Data excerpts
* * *

lemma content_eq_abs_lead_coeff_if_dvd_monic:
  fixes P M Q :: "int poly"
  assumes P: "lead_coeff P = 1" and a: "a \<noteq> 0" and PMQ: "smult a P = M * Q"
  shows "content M = \<bar>lead_coeff M\<bar>"
proof -
  have "P \<noteq> 0" using P by auto
  then have "M \<noteq> 0" "Q \<noteq> 0" using PMQ a by auto
  have "content P dvd 1"
    using content_dvd_coeff[of P "degree P"] P by simp
  then have "content P = 1" using is_unit_content_iff by blast
  moreover have "a = lead_coeff M * lead_coeff Q"
    using arg_cong[OF PMQ, of lead_coeff] P a by (simp add: lead_coeff_mult)
  ultimately have prod: "content M * content Q = \<bar>lead_coeff M\<bar> * \<bar>lead_coeff Q\<bar>"
    using arg_cong[OF PMQ, of content] by (simp add: content_mult abs_mult)
  have le: "content p \<le> \<bar>lead_coeff p\<bar>" if "p \<noteq> 0" for p :: "int poly"
    using dvd_imp_le_int[OF _ content_dvd_coeff[of p "degree p"]] that abs_ge_self[of "content p"] by simp
  have "content Q > 0"
    using \<open>Q \<noteq> 0\<close> normalize_content[of Q] by (metis abs_ge_zero content_eq_zero_iff less_le normalize_int_def)
  show ?thesis
  proof (rule antisym[OF le[OF \<open>M \<noteq> 0\<close>]], rule ccontr)
    assume "\<not> \<bar>lead_coeff M\<bar> \<le> content M"
    then have "content M * content Q < \<bar>lead_coeff M\<bar> * content Q"
      using \<open>content Q > 0\<close> by simp
    also have "\<dots> \<le> \<bar>lead_coeff M\<bar> * \<bar>lead_coeff Q\<bar>"
      using le[OF \<open>Q \<noteq> 0\<close>] by (simp add: mult_left_mono)
    finally show False using prod by simp
  qed
qed

lemma map_poly_of_int_add:
  "map_poly (of_int :: int \<Rightarrow> 'a :: comm_ring_1) (p + q) = map_poly of_int p + map_poly of_int q"
  by (rule poly_eqI) (simp add: coeff_map_poly)

lemma map_poly_of_int_mult:
  "map_poly (of_int :: int \<Rightarrow> 'a :: comm_ring_1) (p * q) = map_poly of_int p * map_poly of_int q"
  by (rule poly_eqI) (simp add: coeff_map_poly coeff_mult of_int_sum)

lemma algebraic_int_nonreal_quadratic_dvd:
  fixes x :: complex and A a1 a0 :: int
  assumes alg: "algebraic_int x" and "x \<notin> \<real>" and "A \<noteq> 0"
    and root: "of_int A * x * x - of_int a1 * x + of_int a0 = 0"
  shows "A dvd a1" "A dvd a0"
proof -
  obtain P where P: "poly (map_poly of_int P) x = 0" "lead_coeff P = 1"
    using alg algebraic_int_altdef_ipoly by blast
  define M :: "int poly" where "M = [:a0, -a1, A:]"
  have "M \<noteq> 0" "degree M = 2" "lead_coeff M = A"
    using \<open>A \<noteq> 0\<close> by (simp_all add: M_def numeral_2_eq_2)
  have M_root: "poly (map_poly of_int M) x = 0"
    using root by (simp add: M_def map_poly_pCons algebra_simps)
  obtain a Q where "a \<noteq> 0" and division: "smult a P = M * Q + pseudo_mod P M"
    using pseudo_mod(1)[OF \<open>M \<noteq> 0\<close>] by blast
  have "pseudo_mod P M = 0"
  proof (rule int_poly_degree_le_1_nonreal_root)
    show "degree (pseudo_mod P M) \<le> 1"
      using pseudo_mod(2)[OF \<open>M \<noteq> 0\<close>, of P] \<open>degree M = 2\<close> by auto
    show "poly (map_poly of_int (pseudo_mod P M)) x = 0"
      using arg_cong[OF division, of "\<lambda>p. poly (map_poly of_int p) x"] P(1) M_root
      by (simp add: map_poly_of_int_add map_poly_of_int_mult map_poly_smult)
  qed fact
  then have "smult a P = M * Q" using division by simp
  from content_eq_abs_lead_coeff_if_dvd_monic[OF P(2) \<open>a \<noteq> 0\<close> this]
  have "content M = \<bar>A\<bar>" using \<open>lead_coeff M = A\<close> by simp
  then show "A dvd a1" "A dvd a0"
    using content_dvd_coeff[of M 1] content_dvd_coeff[of M 0] by (simp_all add: M_def)
qed

lemma Rats_common_denominator:
  assumes "(p::complex) \<in> \<rat>" "q \<in> \<rat>"
  obtains A :: int where "A > 0" "of_int A * p \<in> \<int>" "of_int A * q \<in> \<int>"
proof -
  obtain a b c d :: int where "b > 0" "p = of_int a / of_int b" "d > 0" "q = of_int c / of_int d"
    using assms by (metis Rats_cases')
  then have "of_int (b * d) * p = of_int (a * d)" "of_int (b * d) * q = of_int (b * c)"
    by simp_all
  with \<open>b > 0\<close> \<open>d > 0\<close> show ?thesis by (intro that[of "b * d"]) (simp_all del: of_int_mult)
qed

lemma algebraic_int_rational_trace_norm:
  fixes x :: complex
  assumes alg: "algebraic_int x" and "x + cnj x \<in> \<rat>" "x * cnj x \<in> \<rat>"
  shows "integral_trace_norm x"
proof (cases "x \<in> \<real>")
  case True
  then have "x = (x + cnj x) / 2" by (simp add: Reals_cnj_iff)
  then have "x \<in> \<rat>" using \<open>x + cnj x \<in> \<rat>\<close> by (metis Rats_divide Rats_number_of)
  then have "x \<in> \<int>" using rational_algebraic_int_is_int alg by blast
  then show ?thesis using True by (simp add: integral_trace_norm_def Reals_cnj_iff)
next
  case False
  obtain A where "A > 0" and "of_int A * (x + cnj x) \<in> \<int>" "of_int A * (x * cnj x) \<in> \<int>"
    using Rats_common_denominator assms(2,3) by blast
  then obtain a1 a0 where a1: "of_int A * (x + cnj x) = of_int a1"
    and a0: "of_int A * (x * cnj x) = of_int a0" by (metis Ints_cases)
  have "of_int A * x * x - of_int a1 * x + of_int a0 = 0"
    unfolding a1[symmetric] a0[symmetric] by (simp add: algebra_simps)
  then have "A dvd a1" "A dvd a0"
    using algebraic_int_nonreal_quadratic_dvd[OF alg False] \<open>A > 0\<close> by auto
  then obtain k1 k0 where "a1 = A * k1" "a0 = A * k0" by (auto elim!: dvdE)
  then have "of_int A * (x + cnj x) = of_int A * of_int k1"
    "of_int A * (x * cnj x) = of_int A * of_int k0"
    using a1 a0 by simp_all
  then have "x + cnj x = of_int k1" "x * cnj x = of_int k0"
    using \<open>A > 0\<close> by simp_all
  then show ?thesis unfolding integral_trace_norm_def by simp
qed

* * *

> To do
Among the lines of the data, identify those with the word "assms". Copy each of them.

> Answer
    using assms by (metis Rats_cases')
    using Rats_common_denominator assms(2,3) by blast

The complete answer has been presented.